## [TASK]
Find every line with the string "also" in the material below and copy it.

'''

(* Let $(\theta,\varphi,m\colon C_2\to C_1)$ be an involutive-2-link in a category $\mathcal{C}$. Then $(\theta,\varphi,m)$ arises from an internal groupoid (i.e., there is an internal groupoid $(C_0,C_1,C_2,d,c,e,m,\pi_1,\pi_2,i)$ with this same $m$ such that $\theta=\langle i\pi_1,m\rangle$ and $\varphi=\langle m,i\pi_2\rangle$) if and only if all of the following hold: (1) the pairs $(m,m\theta)$ and $(m,m\varphi)$ are each jointly monomorphic; (2) there exist morphisms $e_1,e_2\colon C_1\to C_2$ such that $me_1=1_{C_1}=me_2$; $\theta e_2=e_2$ and $\varphi e_1=e_1$; $m\theta\varphi e_2=m\varphi\theta e_1$; $m\theta e_1 m\varphi=m\varphi e_2 m\theta$; $m\theta e_1 m=m\theta e_1 m\theta$ and $m\varphi e_2 m=m\varphi e_2 m\varphi$; (3) writing $\pi_1=m\varphi$ and $\pi_2=m\theta$, the pair $(\pi_1,\pi_2)$ is bi-exact, i.e. there exist an object $C_0$ and morphisms $d,c\colon C_1\to C_0$ with $d\pi_1=c\pi_2$ such that this square is both a pullback and a pushout, and there exist an object $C_3$ and morphisms $p_1,p_2\colon C_3\to C_2$ with $\pi_2p_1=\pi_1p_2$ such that this square is both a pullback and a pushout; (4) there exist morphisms $m_1,m_2\colon C_3\to C_2$ with $\pi_1m_1=mp_1$, $\pi_2m_1=\pi_2p_2$, $\pi_1m_2=\pi_1p_1$, $\pi_2m_2=mp_2$ (these are unique since $(\pi_1,\pi_2)$ is jointly monomorphic), and they satisfy $mm_1=mm_2$.
   Context: No limits or colimits are assumed to exist in $\mathcal{C}$; pullbacks and pushouts are properties of commutative squares. A pair of morphisms with common domain is jointly monomorphic if any two morphisms into that domain agreeing after composition with each of them are equal. Notation: for $x,y\colon X\to C_1$ with $dx=cy$, $\langle x,y\rangle\colon X\to C_2$ is the unique morphism with $\pi_1\langle x,y\rangle=x$, $\pi_2\langle x,y\rangle=y$. Internal groupoid in a category $\mathcal{C}$: objects $C_0,C_1,C_2$ and morphisms $d,c\colon C_1\to C_0$, $e\colon C_0\to C_1$, $m,\pi_1,\pi_2\colon C_2\to C_1$, $i\colon C_1\to C_1$ such that: $de=1_{C_0}=ce$; $dm=d\pi_2$, $cm=c\pi_1$, $d\pi_1=c\pi_2$; $di=c$, $ci=d$, $i^2=1_{C_1}$, $ie=e$; the commutative square $d\pi_1=c\pi_2$ is a pullback square; $m\langle 1_{C_1},ed\rangle=1_{C_1}=m\langle ec,1_{C_1}\rangle$; $m\langle 1_{C_1},i\rangle=ec$ and $m\langle i,1_{C_1}\rangle=ed$; the cospan $d\pi_2\colon C_2\to C_0$, $c\colon C_1\to C_0$ can be completed to a pullback square $d\pi_2 p_1=c\,p_2$ with $p_1\colon C_3\to C_2$, $p_2\colon C_3\to C_1$; and $m(1\times m)=m(m\times 1)$, where $m\times 1=\langle mp_1,p_2\rangle$ and $1\times m=\langle \pi_1p_1, m\langle\pi_2p_1,p_2\rangle\rangle$. Involutive-2-link: a triple $(\theta,\varphi,m)$ where $m\colon A\to B$ is a morphism and $\theta,\varphi\colon A\to A$ satisfy $\theta^2=\varphi^2=1_A$ and $\theta\varphi\theta=\varphi\theta\varphi$, and such that $m,m\theta,m\varphi\colon A\to B$ are jointly monomorphic. *)

theory Defs
  imports Main
begin
lemma prod_lessThan_add:
  fixes f :: "nat \<Rightarrow> 'a :: comm_monoid_mult"
  shows "(\<Prod>i<m + n. f i) = (\<Prod>i<m. f i) * (\<Prod>i<n. f (m + i))"
  by (induction n) (simp_all add: mult_ac)

lemma prod_omega_factors_low:
  fixes x :: complex
  shows "(\<Prod>i<n. x ^ (2 * n - 1) + omega * x ^ (2 * i))
           = omega ^ n * x ^ (n * (n - 1)) * (\<Prod>i<n. 1 + (1 - omega) * x ^ (2 * i + 1))"
proof -
  have "x ^ (2 * n - 1) + omega * x ^ (2 * i) = x ^ (2 * i) * omega * (1 + (1 - omega) * x ^ (2 * (n - Suc i) + 1))"
    if "i < n" for i
  proof -
    have "2 * i + (2 * (n - Suc i) + 1) = 2 * n - 1"
      using that by simp
    then have "x ^ (2 * i) * x ^ (2 * (n - Suc i) + 1) = x ^ (2 * n - 1)"
      by (simp only: flip: power_add)
    moreover have "x ^ (2 * i) * omega * (1 + (1 - omega) * x ^ (2 * (n - Suc i) + 1))
        = omega * x ^ (2 * i) + (omega * (1 - omega)) * (x ^ (2 * i) * x ^ (2 * (n - Suc i) + 1))"
      by (simp add: algebra_simps)
    ultimately show ?thesis
      by (simp add: omega_mult_one_minus_omega)
  qed
  then have "(\<Prod>i<n. x ^ (2 * n - 1) + omega * x ^ (2 * i))
      = (\<Prod>i<n. x ^ (2 * i)) * omega ^ n * (\<Prod>i<n. 1 + (1 - omega) * x ^ (2 * (n - Suc i) + 1))"
    by (simp add: prod.distrib)
  also have "(\<Prod>i<n. 1 + (1 - omega) * x ^ (2 * (n - Suc i) + 1)) = (\<Prod>i<n. 1 + (1 - omega) * x ^ (2 * i + 1))"
    by (rule prod.nat_diff_reindex)
  also have "(\<Prod>i<n. x ^ (2 * i)) = x ^ (n * (n - 1))"
    by (simp only: power_sum [symmetric] sum_lessThan_double)
  finally show ?thesis
    by (simp only: mult_ac)
qed

lemma prod_omega_factors_high:
  fixes x :: complex
  assumes "1 \<le> n"
  shows "(\<Prod>i<n. x ^ (2 * n - 1) + omega * x ^ (2 * (n + i)))
           = x ^ ((2 * n - 1) * n) * (\<Prod>i<n. 1 + omega * x ^ (2 * i + 1))"
proof -
  have "x ^ (2 * n - 1) + omega * x ^ (2 * (n + i)) = x ^ (2 * n - 1) * (1 + omega * x ^ (2 * i + 1))" for i
  proof -
    have "2 * (n + i) = (2 * n - 1) + (2 * i + 1)"
      using assms by simp
    then have "x ^ (2 * (n + i)) = x ^ (2 * n - 1) * x ^ (2 * i + 1)"
      by (metis power_add)
    then show ?thesis
      by (simp add: algebra_simps)
  qed
  then show ?thesis
    by (simp add: prod.distrib power_mult)
qed
(* Each of the operators $\mathcal{S}$, $\widetilde{\mathcal{S}}$, $\mathcal{S}_{+\Delta}$, $\mathcal{S}_{-\Delta}$, $\widetilde{\mathcal{S}}_\Delta$, $\mathcal{T}^{(r,\pm)}_{rim}$, $\mathcal{S}^{(r,\pm)}_\Delta$, $\mathcal{T}^{(r,s)}_{rim}$, $\widetilde{\mathcal{T}}^{(r)}_{rim}$, $\widetilde{\mathcal{S}}^{(r)}_\Delta$ ($r,s\in\mathbb{N}$) defined below, mapping $\mathbb{D}$ into $\mathbb{D}$, is (a) Lipschitz with respect to $\|\cdot\|$, hence continuous in the $\|\cdot\|$ norm; and (b) $\Lambda$-compatible; consequently each of them is jointly $J_1$-continuous at every $x\in\mathbb{D}$.
   Context: $\mathbb{D}=\mathbb{D}([0,1],\mathbb{R})$ is the space of càdlàg functions on $[0,1]$ with the Skorokhod $J_1$-topology, $\|x\|=\sup_{0\le\tau\le1}|x(\tau)|$. $\Lambda$ is the set of continuous strictly increasing $\lambda:[0,1]\to[0,1]$ with $\lambda(0)=0,\lambda(1)=1$, and $I$ is the identity. $x_n\to x$ in $J_1$ means there are $\lambda_n\in\Lambda$ with $\|\lambda_n-I\|\vee\|x_n\circ\lambda_n-x\|\to0$. $\Psi:\mathbb{D}\to\mathbb{D}$ is $\Lambda$-compatible if $\Psi(x)\circ\lambda=\Psi(x\circ\lambda)$ for all $x\in\mathbb{D},\lambda\in\Lambda$; it is jointly $J_1$-continuous at $x$ if for every $x_n\to x$ in $J_1$ there exist $\lambda_n\in\Lambda$ with simultaneously $\|\lambda_n-I\|\to0$, $\|x_n\circ\lambda_n-x\|\to0$, $\|\Psi(x_n)\circ\lambda_n-\Psi(x)\|\to0$. For $x\in\mathbb{D}$ let $\Delta x(\tau)=x(\tau)-x(\tau-)$ for $\tau>0$ and $\Delta x(0)=0$. Define, for $\tau\in[0,1]$: (i) $\mathcal{S}(x)(\tau)=\sup_{0\le s\le\tau}x(s)$; (ii) $\widetilde{\mathcal{S}}(x)(\tau)=\sup_{0\le s\le\tau}|x(s)|$; (iii) $\mathcal{S}_{\pm\Delta}(x)(\tau)=\mathcal{S}_\Delta(\pm x)(\tau):=\sup_{0\le s\le\tau}\Delta(\pm x)(s)$; (iv) $\widetilde{\mathcal{S}}_\Delta(x)(\tau)=\sup_{0\le s\le\tau}|\Delta x(s)|$. (v) $\mathcal{T}^{(1,\pm)}_{rim}(x)=x\mp\mathcal{S}_{\pm\Delta}(x)$ and for $r\ge2$, $\mathcal{T}^{(r,\pm)}_{rim}(x)=\mathcal{T}^{(1,\pm)}_{rim}\circ\mathcal{T}^{(r-1,\pm)}_{rim}(x)$. (vi) $\mathcal{S}^{(1,\pm)}_\Delta(x)=\mathcal{S}_{\pm\Delta}(x)$ and for $r\ge2$, $\mathcal{S}^{(r,\pm)}_\Delta(x)=\mathcal{S}^{(1,\pm)}_\Delta\circ\mathcal{T}^{(r-1,\pm)}_{rim}(x)$. (vii) $\mathcal{T}^{(r,s)}_{rim}(x)=\mathcal{T}^{(r,+)}_{rim}\circ\mathcal{T}^{(s,-)}_{rim}(x)=\mathcal{T}^{(s,-)}_{rim}\circ\mathcal{T}^{(r,+)}_{rim}(x)$. (viii) $\widetilde{\mathcal{T}}^{(1)}_{rim}(x)=x-\widetilde{\mathcal{S}}_\Delta(x)$ and for $r\ge2$, $\widetilde{\mathcal{T}}^{(r)}_{rim}(x)=\widetilde{\mathcal{T}}^{(1)}_{rim}\circ\widetilde{\mathcal{T}}^{(r-1)}_{rim}(x)$. (ix) $\widetilde{\mathcal{S}}^{(1)}_\Delta(x)=\widetilde{\mathcal{S}}_\Delta(x)$ and for $r\ge2$, $\widetilde{\mathcal{S}}^{(r)}_\Delta(x)=\widetilde{\mathcal{S}}_\Delta\circ\widetilde{\mathcal{T}}^{(r-1)}_{rim}(x)$. *)

theory Defs
  imports "HOL-Analysis.Analysis"
begin

text \<open>Elements of the Skorokhod space D([0,1],R) are represented as functions
  real => real; only their values on [0,1] matter.\<close>

definition cadlag :: "(real \<Rightarrow> real) \<Rightarrow> bool" where
  "cadlag x \<longleftrightarrow>
     (\<forall>t\<in>{0..<1}. (x \<longlongrightarrow> x t) (at_right t)) \<and>
     (\<forall>t\<in>{0<..1}. \<exists>l. (x \<longlongrightarrow> l) (at_left t))"

definition Dsp :: "(real \<Rightarrow> real) set" where
  "Dsp = {x. cadlag x}"

definition supn :: "(real \<Rightarrow> real) \<Rightarrow> real" where
  "supn x = (SUP t\<in>{0..1}. \<bar>x t\<bar>)"

definition Lambda_set :: "(real \<Rightarrow> real) set" where
  "Lambda_set = {l. continuous_on {0..1} l \<and> strict_mono_on {0..1} l \<and> l 0 = 0 \<and> l 1 = 1}"

definition J1_conv :: "(nat \<Rightarrow> real \<Rightarrow> real) \<Rightarrow> (real \<Rightarrow> real) \<Rightarrow> bool" where
  "J1_conv xn x \<longleftrightarrow> (\<exists>ln. (\<forall>n. ln n \<in> Lambda_set) \<and>
      (\<lambda>n. supn (\<lambda>t. ln n t - t)) \<longlonglongrightarrow> 0 \<and>
      (\<lambda>n. supn (\<lambda>t. xn n (ln n t) - x t)) \<longlonglongrightarrow> 0)"

definition Lambda_compatible :: "((real \<Rightarrow> real) \<Rightarrow> (real \<Rightarrow> real)) \<Rightarrow> bool" where
  "Lambda_compatible \<Psi> \<longleftrightarrow>
     (\<forall>x\<in>Dsp. \<forall>l\<in>Lambda_set. \<forall>t\<in>{0..1}. \<Psi> x (l t) = \<Psi> (x \<circ> l) t)"

definition norm_Lipschitz :: "((real \<Rightarrow> real) \<Rightarrow> (real \<Rightarrow> real)) \<Rightarrow> bool" where
  "norm_Lipschitz \<Psi> \<longleftrightarrow> (\<exists>L. \<forall>x\<in>Dsp. \<forall>y\<in>Dsp.
      supn (\<lambda>t. \<Psi> x t - \<Psi> y t) \<le> L * supn (\<lambda>t. x t - y t))"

'''

## [REPLY]
  also have "(\<Prod>i<n. 1 + (1 - omega) * x ^ (2 * (n - Suc i) + 1)) = (\<Prod>i<n. 1 + (1 - omega) * x ^ (2 * i + 1))"
  also have "(\<Prod>i<n. x ^ (2 * i)) = x ^ (n * (n - 1))"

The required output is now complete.